Photo by Bill Stokes
By Bill Stokes
Kickass, the doorstop dog, reports that the keeper will be talking about his novel “Margaret’s War,” today before the residents of Vista West where he and Phyllis live. It promises to be a tough crowd, including such luminaries as Ted Tibbits who guided the UW project of growing potatoes in space.
The keeper will revive his book-promotion performance of several summers ago when he and Phyllis travelled to libraries all over the state to tell the “Margaret’s War” story that is based on how thousands of German POWs were suddenly face-to-face with the civilian families of the American soldiers they had just been killing.

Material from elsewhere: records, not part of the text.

text \<open>Action of s_alpha on the basis vector v.\<close>
definition wg_basis ::
  "'v set \<Rightarrow> ('v \<Rightarrow> 'v \<Rightarrow> complex) \<Rightarrow> ('v \<Rightarrow> 'a set) \<Rightarrow> 'a \<Rightarrow> 'v \<Rightarrow> ('v \<Rightarrow> complex)" where
  "wg_basis V m \<tau> \<alpha> v =
     (if \<alpha> \<in> \<tau> v then cscale (-1) (basis_vec v)
      else basis_vec v - (\<Sum>u\<in>{u\<in>V. \<alpha> \<in> \<tau> u}. cscale (m u v) (basis_vec u)))"

definition wg_op ::
  "'v set \<Rightarrow> ('v \<Rightarrow> 'v \<Rightarrow> complex) \<Rightarrow> ('v \<Rightarrow> 'a set) \<Rightarrow> 'a \<Rightarrow> ('v \<Rightarrow> complex) \<Rightarrow> ('v \<Rightarrow> complex)" where
  "wg_op V m \<tau> \<alpha> x = (\<Sum>v\<in>V. cscale (x v) (wg_basis V m \<tau> \<alpha> v))"

definition W_graph_rep ::
  "(real^'n) set \<Rightarrow> 'v set \<Rightarrow> ('v \<Rightarrow> 'v \<Rightarrow> complex) \<Rightarrow> ('v \<Rightarrow> (real^'n) set)
    \<Rightarrow> ((real^'n \<Rightarrow> real^'n) \<Rightarrow> ('v \<Rightarrow> complex) \<Rightarrow> ('v \<Rightarrow> complex)) \<Rightarrow> bool" where
  "W_graph_rep \<Delta> V m \<tau> \<rho> \<longleftrightarrow>
     (\<forall>x\<in>CV V. \<rho> id x = x) \<and>
     (\<forall>g\<in>weyl_subgroup \<Delta>. \<forall>h\<in>weyl_subgroup \<Delta>. \<forall>x\<in>CV V. \<rho> (g \<circ> h) x = \<rho> g (\<rho> h x)) \<and>
     (\<forall>\<alpha>\<in>\<Delta>. \<forall>x\<in>CV V. \<rho> (refl \<alpha>) x = wg_op V m \<tau> \<alpha> x)"

definition weak_W_graph ::
  "(real^'n) set \<Rightarrow> 'v set \<Rightarrow> ('v \<Rightarrow> 'v \<Rightarrow> complex) \<Rightarrow> ('v \<Rightarrow> (real^'n) set) \<Rightarrow> bool" where
  "weak_W_graph \<Delta> V m \<tau> \<longleftrightarrow> finite V \<and> (\<forall>v\<in>V. \<tau> v \<subseteq> \<Delta>) \<and>
     (\<exists>\<rho>. W_graph_rep \<Delta> V m \<tau> \<rho>)"

definition R_op ::
  "(real^'n) set \<Rightarrow> ((real^'n \<Rightarrow> real^'n) \<Rightarrow> ('v \<Rightarrow> complex) \<Rightarrow> ('v \<Rightarrow> complex))
     \<Rightarrow> ('v \<Rightarrow> complex) \<Rightarrow> ('v \<Rightarrow> complex)" where
  "R_op A \<rho> x = cscale (1 / of_nat (card (weyl_subgroup A)))
       (\<Sum>g\<in>weyl_subgroup A. cscale (complex_of_real (sgn_W g)) (\<rho> g x))"

end

theory Submission
  imports Defs
begin

text \<open>Up to normalisation, \<open>R(A)\<close> is the sign idempotent of \<open>W(A)\<close>. Left multiplication by
  \<open>s\<^sub>\<alpha>\<close>, \<open>\<alpha> \<in> A\<close>, permutes \<open>W(A)\<close> and flips the sign, so \<open>s\<^sub>\<alpha> R(A) = -R(A)\<close>. But \<open>s\<^sub>\<alpha>\<close>
  leaves the coordinate at every vertex \<open>v\<close> with \<open>\<alpha> \<notin> \<tau>(v)\<close> unchanged, so these coordinates
  of \<open>R(A) x\<close> vanish and the image lies in the span of \<open>V(A,-)\<close>. Conversely each \<open>s\<^sub>\<alpha>\<close>,
  \<open>\<alpha> \<in> A\<close>, acts as \<open>-1\<close> on that span, so every \<open>g \<in> W(A)\<close> acts there as \<open>sgn(g)\<close> and \<open>R(A)\<close>
  is the identity on it. \<open>W(A)\<close> is finite because it permutes the finite root system
  and each of its elements is determined by that permutation.\<close>

lemma refl_zero [simp]: "refl 0 = id"
  by (simp add: refl_def fun_eq_iff)

lemma linear_refl: "linear (refl a)"
  unfolding refl_def
  by (intro linearI) (auto simp: algebra_simps add_divide_distrib)

lemma refl_inner_refl: "refl a x \<bullet> refl a y = x \<bullet> y"
proof (cases "a = 0")
  case False
  then have "a \<bullet> a \<noteq> 0" by simp
  then show ?thesis unfolding refl_def
    by (simp add: inner_commute algebra_simps)
qed simp

lemma refl_refl: "refl a (refl a x) = x"
proof (cases "a = 0")
  case False
  then have "a \<bullet> a \<noteq> 0" by simp
  then show ?thesis unfolding refl_def
    by (simp add: algebra_simps)
qed simp

lemma refl_diff_in_span: "refl a x - x \<in> span {a}"
proof -
  have "refl a x - x = (- (2 * (x \<bullet> a) / (a \<bullet> a))) *\<^sub>R a"
    by (simp add: refl_def)
  also have "\<dots> \<in> span {a}"
    by (rule span_mul[OF span_base]) simp
  finally show ?thesis .
qed

lemma refl_scaleR: "c \<noteq> 0 \<Longrightarrow> refl (c *\<^sub>R a) = refl a"
  by (auto simp: refl_def fun_eq_iff field_simps power2_eq_square)

lemma det_matrix_refl_axis: "det (matrix (refl (axis k (1::real)) :: real^'n \<Rightarrow> real^'n)) = -1"
proof -
  let ?M = "matrix (refl (axis k (1::real)) :: real^'n \<Rightarrow> real^'n)"
  have entries: "?M $ i $ j = (if i = j then (if i = k then -1 else 1) else 0)" for i j
    by (simp add: matrix_def refl_def inner_axis_axis) (simp add: axis_def)
  have "det ?M = (\<Prod>i\<in>UNIV. ?M $ i $ i)"
    by (rule det_diagonal) (simp add: entries)
  also have "\<dots> = (\<Prod>i\<in>UNIV. if i = k then -1 else 1)"
    by (simp add: entries)
  finally show ?thesis
    by simp
qed

text \<open>Conjugate by an orthogonal matrix sending a coordinate axis to the unit vector along \<open>a\<close>.\<close>
lemma det_matrix_refl:
  fixes a :: "real^'n"
  assumes "a \<noteq> 0"
  shows "det (matrix (refl a)) = -1"
proof -
  define u where "u = a /\<^sub>R norm a"
  have norm_u: "norm u = 1"
    using assms by (simp add: u_def)
  have refl_u: "refl a = refl u"
    using refl_scaleR[of "inverse (norm a)" a] assms by (simp add: u_def divide_inverse_commute)
  fix k :: 'n
  let ?e = "axis k (1::real) :: real^'n"
  obtain Q where Q: "orthogonal_matrix Q" "Q *v ?e = u"
    using orthogonal_matrix_exists_basis[OF norm_u] by metis
  have "Q ** transpose Q = mat 1"
    using Q(1) by (simp add: orthogonal_matrix_def)
  then have Q_transpose: "Q *v (transpose Q *v x) = x" for x
    by (simp only: matrix_vector_mul_assoc matrix_vector_mul_lid)
  have conj: "refl u = (\<lambda>x. Q *v x) \<circ> refl ?e \<circ> (\<lambda>x. transpose Q *v x)"
  proof
    fix x
    have "(transpose Q *v x) \<bullet> ?e = x \<bullet> u"
      by (simp add: dot_lmul_matrix Q(2))
    then show "refl u x = ((\<lambda>x. Q *v x) \<circ> refl ?e \<circ> (\<lambda>x. transpose Q *v x)) x"
      using norm_u Q_transpose
      by (simp add: refl_def inner_axis_axis matrix_vector_mult_diff_distrib
          matrix_vector_mult_scaleR Q(2) norm_eq_1)
  qed
  have "matrix (refl u) = Q ** matrix (refl ?e) ** transpose Q"
    unfolding conj by (simp add: matrix_compose linear_refl linear_compose)
  then have "det (matrix (refl u)) = - (det Q * det Q)"
    by (simp add: det_mul det_matrix_refl_axis)
  then show ?thesis
    using det_orthogonal_matrix[OF Q(1)] refl_u by auto
qed

lemma weyl_subgroup_mono: "A \<subseteq> B \<Longrightarrow> weyl_subgroup A \<subseteq> weyl_subgroup B"
proof
  show "g \<in> weyl_subgroup B" if "g \<in> weyl_subgroup A" "A \<subseteq> B" for g
    using that by (induction rule: weyl_subgroup.induct) (auto intro: weyl_subgroup.intros)
qed

lemma refl_in_weyl_subgroup: "\<alpha> \<in> A \<Longrightarrow> refl \<alpha> \<in> weyl_subgroup A"
  using weyl_subgroup.refl_comp[OF weyl_subgroup.id_in] by simp

lemma linear_weyl_subgroup: "g \<in> weyl_subgroup A \<Longrightarrow> linear g"
proof (induction rule: weyl_subgroup.induct)
  case (refl_comp g \<alpha>)
  then show ?case
    using linear_compose linear_refl by blast
qed (rule linear_id)

lemma weyl_subgroup_inner: "g \<in> weyl_subgroup A \<Longrightarrow> g x \<bullet> g y = x \<bullet> y"
  by (induction rule: weyl_subgroup.induct) (simp_all add: refl_inner_refl)

lemma weyl_subgroup_diff_in_span: "g \<in> weyl_subgroup A \<Longrightarrow> g x - x \<in> span A"
proof (induction rule: weyl_subgroup.induct)
  case (refl_comp g \<alpha>)
  have "refl \<alpha> (g x) - g x \<in> span A"
    using refl_diff_in_span span_mono refl_comp.hyps(2) by blast
  then have "(refl \<alpha> (g x) - g x) + (g x - x) \<in> span A"
    using refl_comp.IH by (rule span_add)
  then show ?case by simp
qed (simp add: span_zero)

lemma weyl_subgroup_image_subset:
  assumes "g \<in> weyl_subgroup A" "A \<subseteq> \<Phi>" "\<forall>\<alpha>\<in>\<Phi>. \<forall>\<beta>\<in>\<Phi>. refl \<alpha> \<beta> \<in> \<Phi>"
  shows "g ` \<Phi> \<subseteq> \<Phi>"
  using assms(1)
proof (induction rule: weyl_subgroup.induct)
  case (refl_comp g \<alpha>)
  then show ?case
    using assms(2,3) by (auto simp: image_subset_iff)
qed simp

There were a half-million POWs in the US at the end of WW II, most of them German, and they occupied 38 seasonal camps in Wisconsin communities. One of those communities was Barron where the keeper was born and raised. He has faint memories of the POWs, and of being secretly in love with his Aunt Margaret as she struggled with separation from her young soldier husband who was with the Infantry in Europe.

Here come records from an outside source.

(* Let $\Phi:\mathbb R^{d_0}\to\mathbb R^{d_{L+1}}$ be a feedforward neural network with continuous activation $\sigma$, let $\Sigma$ be an interval enclosure of $\sigma$ that is Hölder continuous on $\mathbb{IR}$, let $1\le p<\infty$, $\theta,\rho\in(0,1)$ and $\Omega\in\mathbb{IR}^{d_0}$ a box with nonempty interior. Let $f_{\Phi,0,p}(x)=\sum_{i=1}^{d_{L+1}}|\Phi_i(x)|^p$ and $F_{\Phi,0,p}(K)=\sum_{i=1}^{d_{L+1}}|\mathrm{Fval}_{\Phi,L+1,\Sigma}(K)_i|^p$. Then $f_{\Phi,0,p}$ is continuous, $F_{\Phi,0,p}$ is a Hölder continuous interval enclosure of $f_{\Phi,0,p}$ on $\Omega$, and running AdaQuad with integrand $f_{\Phi,0,p}$, enclosure $F_{\Phi,0,p}$, a positive-weight quadrature rule exact for constants, marking $\mathrm{D\ddot orfler}_\theta$ and refinement $\mathrm{H\ddot older}_\rho$ (with a Hölder constant and exponent of $F_{\Phi,0,p}$) yields, for all $n\in\mathbb N$, $$\big|\,\|\Phi\|_{L^p(\Omega;\mathbb R^{d_{L+1}})}-\mathrm Q_n^{1/p}\big|\le\eta_n^{1/p},\qquad \eta_{n+1}\le(1-\theta(1-\rho))\eta_n.$$
   Context: $\|\Phi\|_{L^p(\Omega;\mathbb R^m)}=(\sum_{i=1}^m\int_\Omega|\Phi_i|^p\,dx)^{1/p}$. Intervals, boxes, interval arithmetic $X\circ Y=\{x\circ y\}$, width $w$ (max entry width for vectors), $|X|=\{|x|:x\in X\}$, $X^\gamma=[\underline X^\gamma,\overline X^\gamma]$ for $\underline X\ge0$. Interval enclosure of $\phi$ on $\Omega$: inclusion isotonic $F$ on boxes $K\subset\Omega$ with $\phi(K)\subset F(K)$; Hölder continuous: $w(F(K))\le Cw(K)^\gamma$ for all boxes $K\subset\Omega$, some $C>0$, $\gamma\in(0,1]$. Neural network: weights $W^{(\ell)}$, biases $b^{(\ell)}$, $z^{(\ell)}=W^{(\ell-1)}x^{(\ell-1)}+b^{(\ell-1)}$, $x^{(\ell)}=\sigma(z^{(\ell)})$, $x^{(0)}=u$, $\Phi=z^{(L+1)}$. $\mathrm{Fval}_{\Phi,\ell,\Sigma}(K)$: $X^{(0)}=K$; for $k=0,\dots,\ell-1$: $Z^{(k+1)}=W^{(k)}X^{(k)}+b^{(k)}$ (interval arithmetic), $X^{(k+1)}=\Sigma(Z^{(k+1)})$; return $Z^{(\ell)}$; subscript $i$ denotes the $i$-th component interval. AdaQuad: $\mathcal P_0=\{\Omega\}$; with $\eta_K=w(F(K))\mathrm{vol}(K)$, $\mathcal P_{n+1}=(\mathcal P_n\setminus\widetilde{\mathcal P}_n)\cup\bigcup_{K\in\widetilde{\mathcal P}_n}\mathcal R(K)$ where $\widetilde{\mathcal P}_n$ is the marked set; $\mathrm Q_n=\sum_{K\in\mathcal P_n}\mathcal I(f,K)$, $\eta_n=\sum_{K\in\mathcal P_n}\eta_K$. Quadrature rule $\mathcal I(f,K)=\sum_iw_if(x_i)$, $x_i\in K$, $w_i>0$, $\sum_iw_i=\mathrm{vol}(K)$. $\mathrm{D\ddot orfler}_\theta$: repeatedly mark all unmarked elements with maximal indicator until marked sum $\ge\theta$ times total. $\mathrm{H\ddot older}_\rho(K)$ with constant $C$, exponent $\gamma$: if $\eta_K=0$ return $\{K\}$; else split each side $K_i$ (length $l_i$) uniformly into $m_i=\lceil l_i(C\mathrm{vol}(K)/(\rho\eta_K))^{1/\gamma}\rceil$ pieces and return all product boxes. *)

theory Defs
  imports "HOL-Analysis.Analysis" "HOL-Library.Interval"
begin

type_synonym box = "real interval list"
type_synonym rvec = "nat \<Rightarrow> real"

text \<open>Points of R^d are functions nat => real (coordinates j < d); the box K
  is the set of points whose j-th coordinate lies in the j-th interval.\<close>
definition set_box :: "box \<Rightarrow> rvec set" where
  "set_box K = (\<Pi>\<^sub>E j\<in>{..<length K}. set_of (K ! j))"

definition vol :: "box \<Rightarrow> real" where
  "vol K = (\<Prod>j<length K. width (K ! j))"

definition box_width :: "box \<Rightarrow> real" where
  "box_width K = Max (insert 0 (width ` set K))"

definition subbox :: "nat \<Rightarrow> box \<Rightarrow> box \<Rightarrow> bool" where
  "subbox dm \<Omega> K \<longleftrightarrow> length K = dm \<and> set_box K \<subseteq> set_box \<Omega>"

definition box_enclosure :: "nat \<Rightarrow> box \<Rightarrow> (rvec \<Rightarrow> real) \<Rightarrow> (box \<Rightarrow> real interval) \<Rightarrow> bool" where
  "box_enclosure dm \<Omega> \<phi> F \<longleftrightarrow>
     (\<forall>K K'. subbox dm \<Omega> K \<longrightarrow> subbox dm \<Omega> K' \<longrightarrow> set_box K \<subseteq> set_box K'
        \<longrightarrow> set_of (F K) \<subseteq> set_of (F K')) \<and>
     (\<forall>K. subbox dm \<Omega> K \<longrightarrow> \<phi> ` set_box K \<subseteq> set_of (F K))"

definition box_holder :: "nat \<Rightarrow> box \<Rightarrow> (box \<Rightarrow> real interval) \<Rightarrow> real \<Rightarrow> real \<Rightarrow> bool" where
  "box_holder dm \<Omega> F C \<gamma> \<longleftrightarrow>
     (\<forall>K. subbox dm \<Omega> K \<longrightarrow> width (F K) \<le> C * box_width K powr \<gamma>)"

definition real_enclosure :: "(real \<Rightarrow> real) \<Rightarrow> (real interval \<Rightarrow> real interval) \<Rightarrow> bool" where
  "real_enclosure \<sigma> \<Sigma> \<longleftrightarrow>
     (\<forall>X Y. set_of X \<subseteq> set_of Y \<longrightarrow> set_of (\<Sigma> X) \<subseteq> set_of (\<Sigma> Y)) \<and>
     (\<forall>X. \<sigma> ` set_of X \<subseteq> set_of (\<Sigma> X))"

definition real_holder :: "(real interval \<Rightarrow> real interval) \<Rightarrow> real \<Rightarrow> real \<Rightarrow> bool" where
  "real_holder \<Sigma> C \<gamma> \<longleftrightarrow> (\<forall>X. width (\<Sigma> X) \<le> C * width X powr \<gamma>)"

text \<open>X^gamma = [lower X ^ gamma, upper X ^ gamma] (used for X >= 0)\<close>
definition ipowr :: "real interval \<Rightarrow> real \<Rightarrow> real interval" where
  "ipowr X g = Ivl (lower X powr g) (upper X powr g)"

text \<open>Network data: L, widths d k (d 0 = input dm, d (L+1) = output dm),
  weights W k i j (i < d (k+1), j < d k), biases b k i (i < d (k+1)).\<close>
definition affine :: "(nat \<Rightarrow> nat \<Rightarrow> nat \<Rightarrow> real) \<Rightarrow> (nat \<Rightarrow> nat \<Rightarrow> real) \<Rightarrow> (nat \<Rightarrow> nat)
    \<Rightarrow> nat \<Rightarrow> rvec \<Rightarrow> rvec" where
  "affine W b d k x = (\<lambda>i. (\<Sum>j<d k. W k i j * x j) + b k i)"

primrec nn_x :: "(real \<Rightarrow> real) \<Rightarrow> (nat \<Rightarrow> nat \<Rightarrow> nat \<Rightarrow> real) \<Rightarrow> (nat \<Rightarrow> nat \<Rightarrow> real)
    \<Rightarrow> (nat \<Rightarrow> nat) \<Rightarrow> nat \<Rightarrow> rvec \<Rightarrow> rvec" where
  "nn_x \<sigma> W b d 0 u = u"
| "nn_x \<sigma> W b d (Suc k) u = (\<lambda>i. \<sigma> (affine W b d k (nn_x \<sigma> W b d k u) i))"

definition nn :: "(real \<Rightarrow> real) \<Rightarrow> (nat \<Rightarrow> nat \<Rightarrow> nat \<Rightarrow> real) \<Rightarrow> (nat \<Rightarrow> nat \<Rightarrow> real)
    \<Rightarrow> (nat \<Rightarrow> nat) \<Rightarrow> nat \<Rightarrow> rvec \<Rightarrow> rvec" where
  "nn \<sigma> W b d L u = affine W b d L (nn_x \<sigma> W b d L u)"

definition iaffine :: "(nat \<Rightarrow> nat \<Rightarrow> nat \<Rightarrow> real) \<Rightarrow> (nat \<Rightarrow> nat \<Rightarrow> real) \<Rightarrow> (nat \<Rightarrow> nat)
    \<Rightarrow> nat \<Rightarrow> (nat \<Rightarrow> real interval) \<Rightarrow> (nat \<Rightarrow> real interval)" where
  "iaffine W b d k X = (\<lambda>i. (\<Sum>j<d k. interval_of (W k i j) * X j) + interval_of (b k i))"

primrec ival_x :: "(real interval \<Rightarrow> real interval) \<Rightarrow> (nat \<Rightarrow> nat \<Rightarrow> nat \<Rightarrow> real) \<Rightarrow> (nat \<Rightarrow> nat \<Rightarrow> real)
    \<Rightarrow> (nat \<Rightarrow> nat) \<Rightarrow> nat \<Rightarrow> box \<Rightarrow> (nat \<Rightarrow> real interval)" where
  "ival_x \<Sigma> W b d 0 K = (\<lambda>j. K ! j)"
| "ival_x \<Sigma> W b d (Suc k) K = (\<lambda>i. \<Sigma> (iaffine W b d k (ival_x \<Sigma> W b d k K) i))"

text \<open>Fval_{Phi,l,Sigma}(K) = Z^(l)  (for l >= 1)\<close>
definition Fval :: "(real interval \<Rightarrow> real interval) \<Rightarrow> (nat \<Rightarrow> nat \<Rightarrow> nat \<Rightarrow> real) \<Rightarrow> (nat \<Rightarrow> nat \<Rightarrow> real)
    \<Rightarrow> (nat \<Rightarrow> nat) \<Rightarrow> nat \<Rightarrow> box \<Rightarrow> (nat \<Rightarrow> real interval)" where
  "Fval \<Sigma> W b d l K = iaffine W b d (l - 1) (ival_x \<Sigma> W b d (l - 1) K)"

definition f_Phi :: "(real \<Rightarrow> real) \<Rightarrow> (nat \<Rightarrow> nat \<Rightarrow> nat \<Rightarrow> real) \<Rightarrow> (nat \<Rightarrow> nat \<Rightarrow> real)
    \<Rightarrow> (nat \<Rightarrow> nat) \<Rightarrow> nat \<Rightarrow> real \<Rightarrow> rvec \<Rightarrow> real" where
  "f_Phi \<sigma> W b d L p x = (\<Sum>i<d (Suc L). \<bar>nn \<sigma> W b d L x i\<bar> powr p)"

definition F_Phi :: "(real interval \<Rightarrow> real interval) \<Rightarrow> (nat \<Rightarrow> nat \<Rightarrow> nat \<Rightarrow> real) \<Rightarrow> (nat \<Rightarrow> nat \<Rightarrow> real)
    \<Rightarrow> (nat \<Rightarrow> nat) \<Rightarrow> nat \<Rightarrow> real \<Rightarrow> box \<Rightarrow> real interval" where
  "F_Phi \<Sigma> W b d L p K = (\<Sum>i<d (Suc L). ipowr (abs_interval (Fval \<Sigma> W b d (Suc L) K i)) p)"

definition lebesgue_d :: "nat \<Rightarrow> rvec measure" where
  "lebesgue_d dm = (\<Pi>\<^sub>M j\<in>{..<dm}. lborel)"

It took him 50 years or so to do it, but the keeper finally made a novel out of it, and while it got some good reviews, it suffered the fate of most novels from small publishers; and has been relegated to the author’s basement shelves. He will put a copy in your hands if you order one through billstokesauthor.com at the bargain price of $15 plus postage of $4. (That price may not hold once the “Margaret’s War” movie is out.)